You and your wife were truly made for Andie and Amos! It's wonderful that their personalities are different, too. You have the best of both worlds!
I would say it's a match made in heaven!


----------



## Buddy's mom forever (Jun 23, 2011)

I am very sorry I did not find the time to congratulate you earlier on your sweet addition to the family. I am so happy for you, such a beautiful pair of goldens.


----------



## CarlosW9FE (Jul 17, 2012)

*Happy Valentine's Day from Annie & Jax*

Happy Valentine's Day to everyone from Annie & Jax


----------



## sadiegold (Nov 3, 2010)

You need to let us in on the secret (the HAPPY VALENTINE PIC) what was someone holding to have their 100% attention..treats?


----------



## CarlosW9FE (Jul 17, 2012)

sadiegold said:


> You need to let us in on the secret (the HAPPY VALENTINE PIC) what was someone holding to have their 100% attention..treats?

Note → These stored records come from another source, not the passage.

lemma coincidence_cell_borel:
  assumes "set v \<subseteq> S_family" "set w \<subseteq> S_family"
  shows "coincidence_cell r n m k v w \<in> sets borel"
proof -
  have cv: "continuous_on UNIV (\<lambda>z. word_map v (fst z) (snd z) r 0)"
    and cw: "continuous_on UNIV (\<lambda>z. word_map w (fst z) (snd z) r 0)"
    using assms by (simp_all add: word_map_continuous)
  have eq: "coincidence_cell r n m k v w = {z. pqr_parameters (fst z) (snd z) r}
      \<inter> {z. r ^ Suc m \<le> 5 * snd z * fst z ^ n}
      \<inter> {z. aa - r ^ k \<le> word_map v (fst z) (snd z) r 0}
      \<inter> {z. \<bar>snd z * fst z ^ n * word_map v (fst z) (snd z) r 0
              - r ^ Suc m * (1 - word_map w (fst z) (snd z) r 0)\<bar> \<le> 6 * fst z ^ n * r ^ Suc k}"
    unfolding coincidence_cell_def by auto
  have par: "{z. pqr_parameters (fst z) (snd z) r} \<in> sets borel"
  proof (cases "r < 1/36")
    case True
    then have "{z. pqr_parameters (fst z) (snd z) r} = {0<..<r} \<times> {0<..<r}"
      by (auto simp: pqr_parameters_def)
    then show ?thesis by (simp add: open_Times borel_open)
  qed (simp add: pqr_parameters_def)
  show ?thesis
    unfolding eq by (intro sets.Int par borel_closed closed_Collect_le continuous_intros cv cw)
qed

lemma coincidence_cell_section_diameter:
  assumes "set v \<subseteq> S_family" "set w \<subseteq> S_family" "2 \<le> k"
    and q1: "(p, q1) \<in> coincidence_cell r n m k v w" and q2: "(p, q2) \<in> coincidence_cell r n m k v w"
    and "q1 < q2"
  shows "q2 - q1 \<le> 600 * r ^ Suc k"
proof -
  have par1: "pqr_parameters p q1 r" and par2: "pqr_parameters p q2 r" using q1 q2 by (simp_all add: coincidence_cell_def)
  then have p: "0 < p" "p < r" and "0 < q1" "q1 < r" "r < 1/36" by (simp_all add: pqr_parameters_def)
  have "r ^ k \<le> r ^ 2" using p \<open>r < 1/36\<close> \<open>2 \<le> k\<close> by (intro power_decreasing) auto
  also have "\<dots> \<le> (1/36) ^ 2" using p \<open>r < 1/36\<close> by (intro power_mono) auto
  finally have "r ^ k \<le> 1/1296" by (simp add: power2_eq_square)
  moreover have "aa - r ^ k \<le> word_map v p q2 r 0" using q2 by (simp add: coincidence_cell_def)
  ultimately have "1/5 - 1/1296 \<le> word_map v p q2 r 0" unfolding aa_def by linarith
  then have "(q2 - q1) * p ^ n \<le> 100 * (6 * p ^ n * r ^ Suc k)"
    using q1 q2 p \<open>0 < q1\<close> \<open>q1 < r\<close> \<open>r < 1/36\<close> \<open>q1 < q2\<close>
      word_map_q_lipschitz[OF par1 par2 assms(1), of 0] word_map_q_lipschitz[OF par1 par2 assms(2), of 0]
    by (intro transversality_estimate[where q = q1 and R = "r ^ Suc m"
          and y = "word_map w p q1 r 0" and y' = "word_map w p q2 r 0"])
      (auto simp: coincidence_cell_def)
  then have "(q2 - q1) * p ^ n \<le> (600 * r ^ Suc k) * p ^ n" by (simp add: ac_simps)
  then show ?thesis using p by (simp add: mult_le_cancel_right)
qed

Oh yes...they sit pretty and give you full attention anytime you're holding a tasty treat.


----------



## Maddie'sMom2011 (Apr 26, 2011)

Aw, thanks!. Annie & Jax put a smile on my face.


----------



## *Laura* (Dec 13, 2011)

Annie and Jax look wonderful. Look how gorgeous they are. Must be all that good lovin' they're getting in your home.


----------



## CarlosW9FE (Jul 17, 2012)

They've become one very spoiled pair of furr kids since we got them....

Happy Valentine's Day. Hope everyone gets a special treat today.


----------



## FeatherRiverSam (Aug 7, 2009)

wd9t said:


> Our two furr kids have become so much a part of our family. Andie ("Annie") is still so full of that puppy energy and absolutely loves to play with the grandbaby. Amos ("Jax") is so laid back and mellow and just goes with the flow.
> 
> We will be starting them in their competition obedience and agility classes when I retire after March. This should be so fun and we're all looking forward to it.
> 
> Here's one of the Annie resting with the grandbaby waiting to get her to take her nap.


As I looked through your album this picture was definitely one of my favorites. What could be better than taking a nap with a Golden...makes me want to be a kid again.

Pete


----------